Serdar, le Stallone turc, dans le Rambo 2 turc.

Paolo Tocha alias Bruce Stallion dans L'Empire des ninjas.

Valentin Trujillo, le Sylvester Stallone mexicain.

Parfois, les sosies sont simplement employés pour incarner des personnages historiques décédés, ou des figures politiques qu'il serait impossible d'embaucher. Cet emploi plus légitime n'en constitue pas moins un savoureux vivier de sosies nanars. Les amateurs d'Histoire pourront notamment apprécier toutes les figures historiques vues dans les nanars propagandistes soviétiques de Mikhaïl Tchiaourelli comme La Chute de Berlin (1949), Le Serment (1946) ou L'Inoubliable année 1919 (1951).

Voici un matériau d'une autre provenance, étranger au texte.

(* With the notation $u$, $u_1=\sqrt{1-u^2}$, $u_2=\sqrt{1-\rho_1u^2}$, $P_1=(au,bu_1)$ and the 3-periodic $P_1P_2P_3$ (fixed orientation) as described, let $s_1=|P_2P_3|$, $s_2=|P_3P_1|$, $s_3=|P_1P_2|$. Then there exist polynomials $h_0,h_1,h_2,h_3\in\mathbb{R}[u]$ (coefficients depending only on $a,b$), with $h_1\not\equiv0$, and a sign $\varepsilon\in\{\pm1\}$, such that for all $u\in(-1,1)$: $$h_1(u)\,s_1^2=h_0(u),\qquad h_1(u)\,s_2^2=h_3(u)-\varepsilon\,h_2(u)\,u_1u_2,\qquad h_1(u)\,s_3^2=h_3(u)+\varepsilon\,h_2(u)\,u_1u_2.$$ In particular $s_1,s_2,s_3$ satisfy nonzero polynomial equations $g_1(s_1,u)=0$, $g_2(s_2,u,u_1,u_2)=0$, $g_3(s_3,u,u_1,u_2)=0$.
   Context: Fix real numbers $a>b>0$, let $E$ be the ellipse $x^2/a^2+y^2/b^2=1$, $c^2=a^2-b^2$, $\delta=\sqrt{a^4-a^2b^2+b^4}$ and $\rho_1=\dfrac{c^2(b^2+\delta)^2}{a^6}$. A 3-periodic is a non-degenerate triangle $P_1P_2P_3$ with all vertices on $E$ such that at each vertex $P_j$ the normal line to $E$ at $P_j$ bisects the interior angle of the triangle at $P_j$. Every point of $E$ is a vertex of exactly one 3-periodic. For $u\in(-1,1)$, $P_1=(au,b\sqrt{1-u^2})$ and $P_2,P_3$ are the other vertices of the 3-periodic through $P_1$, labelled in one fixed orientation for all $u$. *)

theory Defs
  imports "HOL-Computational_Algebra.Polynomial"
begin

type_synonym pt = "real \<times> real"

definition on_ellipse :: "real \<Rightarrow> real \<Rightarrow> pt \<Rightarrow> bool" where
  "on_ellipse a b P \<longleftrightarrow> (fst P)^2 / a^2 + (snd P)^2 / b^2 = 1"

definition seglen :: "pt \<Rightarrow> pt \<Rightarrow> real" where
  "seglen P Q = sqrt ((fst Q - fst P)^2 + (snd Q - snd P)^2)"

definition signed_area2 :: "pt \<Rightarrow> pt \<Rightarrow> pt \<Rightarrow> real" where
  "signed_area2 P Q R = (fst Q - fst P) * (snd R - snd P) - (snd Q - snd P) * (fst R - fst P)"

text \<open>The normal line to E at P (direction (x/a^2, y/b^2)) bisects the interior angle
  of triangle PQR at P: the normal is parallel to the sum of the unit vectors from P
  towards Q and towards R (the interior bisector direction).\<close>
definition normal_bisects :: "real \<Rightarrow> real \<Rightarrow> pt \<Rightarrow> pt \<Rightarrow> pt \<Rightarrow> bool" where
  "normal_bisects a b P Q R \<longleftrightarrow>
     (let nx = fst P / a^2; ny = snd P / b^2;
          dx = (fst Q - fst P) / seglen P Q + (fst R - fst P) / seglen P R;
          dy = (snd Q - snd P) / seglen P Q + (snd R - snd P) / seglen P R
      in nx * dy - ny * dx = 0)"

definition three_periodic :: "real \<Rightarrow> real \<Rightarrow> pt \<Rightarrow> pt \<Rightarrow> pt \<Rightarrow> bool" where
  "three_periodic a b P1 P2 P3 \<longleftrightarrow>
     signed_area2 P1 P2 P3 \<noteq> 0 \<and>
     on_ellipse a b P1 \<and> on_ellipse a b P2 \<and> on_ellipse a b P3 \<and>
     normal_bisects a b P1 P2 P3 \<and> normal_bisects a b P2 P3 P1 \<and>
     normal_bisects a b P3 P1 P2"

definition ell_delta :: "real \<Rightarrow> real \<Rightarrow> real" where
  "ell_delta a b = sqrt (a^4 - a^2 * b^2 + b^4)"

definition rho1 :: "real \<Rightarrow> real \<Rightarrow> real" where
  "rho1 a b = (a^2 - b^2) * (b^2 + ell_delta a b)^2 / a^6"

end

theory Submission
  imports Defs
begin

text \<open>Write m(P,Q) = 1 - x x'/a^2 - y y'/b^2 (ell_defect) for P = (x,y), Q = (x',y').
  Since the normal at P is (x/a^2, y/b^2), the reflection law at a vertex P of a 3-periodic
  says that m(P,Q) / |PQ| is the same for both sides through P, so m = k |PQ| on all three
  sides. In the coordinates (x/a, y/b) on the unit circle each of these equations becomes
  one symmetric bilinear relation between the endpoints, and a Poncelet-type closure
  argument for three points in this relation pins down k^2 as a constant kappa_sq of the
  ellipse.

  At the vertex P1, decomposing a side along the normal and the tangent turns m = k |PQ|
  into a linear equation |PQ| (alpha - beta w) = 2 k N^2, where N is the squared length of
  the normal and w (normal_cross), the cross product of the normal with the unit side
  vector, satisfies w^2 = N - k^2; the two sides through P1 have opposite w, its sign given
  by the orientation. Multiplying by alpha + beta w and squaring leaves w only in a product
  with beta, and beta w = +-(const) u sqrt(1 - u^2) sqrt(1 - rho1 u^2); the third side
  follows from the law of cosines.\<close>

section \<open>Segments and the ellipse defect\<close>

lemma seglen_sym: "seglen P Q = seglen Q P"
  unfolding seglen_def by (simp add: power2_commute)

lemma seglen_sq: "(seglen P Q)^2 = (fst Q - fst P)^2 + (snd Q - snd P)^2"
  unfolding seglen_def by simp

lemma seglen_pos: "P \<noteq> Q \<Longrightarrow> seglen P Q > 0"
  unfolding seglen_def by (cases P; cases Q) (auto simp: sum_power2_gt_zero_iff)

lemma signed_area2_rotate: "signed_area2 Q R P = signed_area2 P Q R"
  unfolding signed_area2_def by (simp add: algebra_simps)

lemma signed_area2_nonzero_imp_distinct:
  "signed_area2 P Q R \<noteq> 0 \<Longrightarrow> P \<noteq> Q \<and> P \<noteq> R \<and> Q \<noteq> R"
  unfolding signed_area2_def by auto

definition ell_defect :: "real \<Rightarrow> real \<Rightarrow> pt \<Rightarrow> pt \<Rightarrow> real" where
  "ell_defect a b P Q = 1 - fst P * fst Q / a^2 - snd P * snd Q / b^2"

lemma ell_defect_sym: "ell_defect a b P Q = ell_defect a b Q P"
  unfolding ell_defect_def by (simp add: algebra_simps)

lemma two_ell_defect_eq:
  assumes "on_ellipse a b P" "on_ellipse a b Q"
  shows "2 * ell_defect a b P Q = (fst Q - fst P)^2 / a^2 + (snd Q - snd P)^2 / b^2"
proof -
  have "(fst Q - fst P)^2 / a^2 + (snd Q - snd P)^2 / b^2
      = ((fst P)^2 / a^2 + (snd P)^2 / b^2) + ((fst Q)^2 / a^2 + (snd Q)^2 / b^2)
        - 2 * (fst P * fst Q / a^2 + snd P * snd Q / b^2)"
    by (simp add: power2_eq_square algebra_simps add_divide_distrib diff_divide_distrib)
  with assms show ?thesis
    unfolding on_ellipse_def ell_defect_def by simp
qed

lemma ell_defect_pos:
  assumes "a > 0" "b > 0" "on_ellipse a b P" "on_ellipse a b Q" "P \<noteq> Q"
  shows "ell_defect a b P Q > 0"
proof -
  have "fst Q - fst P \<noteq> 0 \<or> snd Q - snd P \<noteq> 0"
    using \<open>P \<noteq> Q\<close> by (auto simp: prod_eq_iff)
  then have "(fst Q - fst P)^2 / a^2 + (snd Q - snd P)^2 / b^2 > 0"
    using assms(1,2) by (auto intro: add_pos_nonneg add_nonneg_pos)
  then show ?thesis
    using two_ell_defect_eq[OF assms(3,4)] by simp
qed

section \<open>The reflection law\<close>

text \<open>The sum of two unit vectors is orthogonal to their difference.\<close>
lemma parallel_to_unit_sum_imp_equal_projections:
  fixes nx ny vx vy wx wy :: real
  assumes "vx^2 + vy^2 = 1" "wx^2 + wy^2 = 1"
    and nonzero: "vx + wx \<noteq> 0 \<or> vy + wy \<noteq> 0"
    and parallel: "nx * (vy + wy) - ny * (vx + wx) = 0"
  shows "nx * vx + ny * vy = nx * wx + ny * wy"
proof -
  have orth: "(vx + wx) * (vx - wx) + (vy + wy) * (vy - wy) = 0"
    using assms(1,2) by (simp add: algebra_simps power2_eq_square)
  have "(vx + wx) * (nx * (vx - wx) + ny * (vy - wy)) = 0"
       "(vy + wy) * (nx * (vx - wx) + ny * (vy - wy)) = 0"
    using orth parallel by algebra+
  with nonzero have "nx * (vx - wx) + ny * (vy - wy) = 0" by auto
  then show ?thesis by (simp add: algebra_simps)
qed

lemma normal_dot_chord:
  assumes "on_ellipse a b P"
  shows "fst P / a^2 * (fst Q - fst P) + snd P / b^2 * (snd Q - snd P) = - ell_defect a b P Q"
proof -
  have "fst P / a^2 * (fst Q - fst P) + snd P / b^2 * (snd Q - snd P)
      = fst P * fst Q / a^2 + snd P * snd Q / b^2 - ((fst P)^2 / a^2 + (snd P)^2 / b^2)"
    by (simp add: power2_eq_square algebra_simps diff_divide_distrib)
  with assms show ?thesis unfolding on_ellipse_def ell_defect_def by simp
qed

text \<open>The defect per unit length of a side is minus the projection of the normal onto it
  (normal_dot_chord), so this is the reflection law.\<close>
lemma normal_bisects_imp_defect_ratio_eq:
  assumes nb: "normal_bisects a b P Q R" and area: "signed_area2 P Q R \<noteq> 0"
    and P: "on_ellipse a b P"
  shows "ell_defect a b P Q / seglen P Q = ell_defect a b P R / seglen P R"
proof -
  define LQ LR where "LQ = seglen P Q" and "LR = seglen P R"
  have "LQ > 0" "LR > 0"
    using signed_area2_nonzero_imp_distinct[OF area] seglen_pos unfolding LQ_def LR_def by auto
  define vx vy wx wy
    where "vx = (fst Q - fst P) / LQ" and "vy = (snd Q - snd P) / LQ"
      and "wx = (fst R - fst P) / LR" and "wy = (snd R - snd P) / LR"
  have "vx^2 + vy^2 = (seglen P Q)^2 / LQ^2" "wx^2 + wy^2 = (seglen P R)^2 / LR^2"
    unfolding vx_def vy_def wx_def wy_def seglen_sq by (simp_all add: power_divide add_divide_distrib)
  then have "vx^2 + vy^2 = 1" "wx^2 + wy^2 = 1"
    using \<open>LQ > 0\<close> \<open>LR > 0\<close> unfolding LQ_def LR_def by simp_all
  moreover have "vx + wx \<noteq> 0 \<or> vy + wy \<noteq> 0"
  proof (rule ccontr)
    assume "\<not> (vx + wx \<noteq> 0 \<or> vy + wy \<noteq> 0)"
    then have "fst R - fst P = - LR * vx" "snd R - snd P = - LR * vy"
              "fst Q - fst P = LQ * vx" "snd Q - snd P = LQ * vy"
      using \<open>LQ > 0\<close> \<open>LR > 0\<close> unfolding vx_def vy_def wx_def wy_def
      by (auto simp: field_simps)
    then have "signed_area2 P Q R = 0" unfolding signed_area2_def by simp
    with area show False ..
  qed
  moreover have "fst P / a^2 * (vy + wy) - snd P / b^2 * (vx + wx) = 0"
    using nb unfolding normal_bisects_def Let_def vx_def vy_def wx_def wy_def LQ_def LR_def
    by simp
  ultimately have "fst P / a^2 * vx + snd P / b^2 * vy = fst P / a^2 * wx + snd P / b^2 * wy"
    by (rule parallel_to_unit_sum_imp_equal_projections)
  moreover have "fst P / a^2 * vx + snd P / b^2 * vy = - ell_defect a b P Q / LQ"
    "fst P / a^2 * wx + snd P / b^2 * wy = - ell_defect a b P R / LR"
    unfolding vx_def vy_def wx_def wy_def normal_dot_chord[OF P, symmetric]
    by (simp_all add: add_divide_distrib)
  ultimately show ?thesis unfolding LQ_def LR_def by simp
qed

lemma three_periodic_common_ratio:
  assumes "a > 0" "b > 0" and tp: "three_periodic a b P1 P2 P3"
  obtains k where "k > 0" "ell_defect a b P1 P2 = k * seglen P1 P2"
    "ell_defect a b P1 P3 = k * seglen P1 P3" "ell_defect a b P2 P3 = k * seglen P2 P3"
proof -
  have area: "signed_area2 P1 P2 P3 \<noteq> 0" and on: "on_ellipse a b P1" "on_ellipse a b P2"
    and nb: "normal_bisects a b P1 P2 P3" "normal_bisects a b P2 P3 P1"
    using tp unfolding three_periodic_def by auto
  have L: "seglen P1 P2 > 0" "seglen P1 P3 > 0" "seglen P2 P3 > 0"
    using signed_area2_nonzero_imp_distinct[OF area] seglen_pos by auto
  define k where "k = ell_defect a b P1 P2 / seglen P1 P2"
  have r1: "k = ell_defect a b P1 P3 / seglen P1 P3"
    using normal_bisects_imp_defect_ratio_eq[OF nb(1) area on(1)] unfolding k_def .
  have "signed_area2 P2 P3 P1 \<noteq> 0" using area signed_area2_rotate by metis
  from normal_bisects_imp_defect_ratio_eq[OF nb(2) this on(2)]
  have r2: "ell_defect a b P2 P3 / seglen P2 P3 = k"
    unfolding k_def ell_defect_sym[of a b P2 P1] seglen_sym[of P2 P1] by simp
  have "k > 0"
    using ell_defect_pos[OF assms(1,2) on] signed_area2_nonzero_imp_distinct[OF area] L
    unfolding k_def by simp
  moreover have "ell_defect a b P1 P2 = k * seglen P1 P2" using L(1) unfolding k_def by simp
  moreover have "ell_defect a b P1 P3 = k * seglen P1 P3" using L(2) unfolding r1 by simp
  moreover have "ell_defect a b P2 P3 = k * seglen P2 P3" using L(3) unfolding r2[symmetric] by simp
  ultimately show ?thesis by (rule that)
qed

Le comédien Mikheïl Gelovani dans le rôle de Staline...


...et V. Savelyev dans celui d'Hitler, tous les deux dans La Chute de Berlin.

Le fourbe Nikolaï Boukharine...


...le Général allemand Friedrich Paulus...

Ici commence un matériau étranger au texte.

lemma cay_diam_wreath_le:
  assumes "prime p" "odd p" "X \<subseteq> carrier (wreath p)" "generate (wreath p) X = carrier (wreath p)"
  shows "cay_diam (wreath p) X \<le> 8 * p"
proof -
  have p_pos: "0 < p"
    using assms(1) prime_gt_0_nat by blast
  interpret W: group "wreath p"
    using group_wreath[OF p_pos] .
  have "({}, 1) \<in> carrier (wreath p)"
    using prime_ge_2_nat[OF assms(1)] by (simp add: wreath_carrier_iff)
  then have "{x \<in> carrier (wreath p). snd x = 0} \<noteq> carrier (wreath p)"
    by force
  then obtain t where "t \<in> X" "snd t \<noteq> 0"
    using W.generator_not_in_proper_subgroup[OF assms(4) subgroup_base[OF p_pos]] assms(3)
    by blast
  then interpret wreath_generating_set p X t
    using assms by unfold_locales
  show ?thesis
    by (rule cay_diam_le) (rule carrier_subset_ball)
qed

theorem theorem1:
  fixes p :: nat
  assumes "prime p" and "odd p"
  shows "diam_max (wreath p) \<le> 20 * (p - 1)"
proof (rule diam_max_le)
  show "group (wreath p)"
    using assms(1) prime_gt_0_nat by (blast intro: group_wreath)
  show "finite (carrier (wreath p))"
    by (rule finite_carrier_wreath)
  fix X
  assume X: "X \<subseteq> carrier (wreath p)" "generate (wreath p) X = carrier (wreath p)"
  have "cay_diam (wreath p) X \<le> 8 * p"
    by (rule cay_diam_wreath_le[OF assms X])
  also have "8 * p \<le> 20 * (p - 1)"
    using prime_ge_2_nat[OF assms(1)] by simp
  finally show "cay_diam (wreath p) X \<le> 20 * (p - 1)" .
qed

end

...et un autre Hitler bien gratiné dans Le serment (1946).


Winston Churchill...

...David Loyd George...


...Woodrow Wilson...


...et George Clémenceau, méchants nanars dans L'inoubliable année 1919 (1951).

Ces dernières années, on a ainsi vu un lookalike de Sarkozy cabotinant comme un fou dans le film de monstre géant japonais Monster X Strikes Back: attack of the G8 Summit (2008), et un sosie de Donald Trump dans le toxique Donald Trump, The Chosen (2020).



Le Président français "Escargot Sorkozy", dans le film de monstre géant japonais Monster X Strikes Back: Attack of the G8 Summit. Vous pouvez l'admirer en action dans notre rubrique vidéo (extrait 1, extrait 2 et extrait 3).


Donald Trump, The Chosen.

Alors qu'on pensait naïvement que le phénomène des sosies opportunistes avait plus ou moins disparu, on a vu apparaître en 2017 un certain Robert Kovacs alias Robert Bronzi, improbable clone hongrois de Charles Bronson, qui s'est dès lors mis à enquiller les direct-to-video cheapos comme Death Kiss (2018, reboot officieux de Death Wish / Un justicier dans la ville qu’un critique américain qualifiera de « meilleur film jamais tourné par la Cannon ») ou Escape from Death Block 13 (2021).. Voir remis au goût du jour ce genre de pratique – alors que Charles Bronson est décédé en 2003, et que le deepfake et le Facial motion capture se sont banalisés – c’est véritablement assister au retour d’un margoulinage d’une autre époque.


Robert Bronzi dans Escape from Death Block 13 (2021).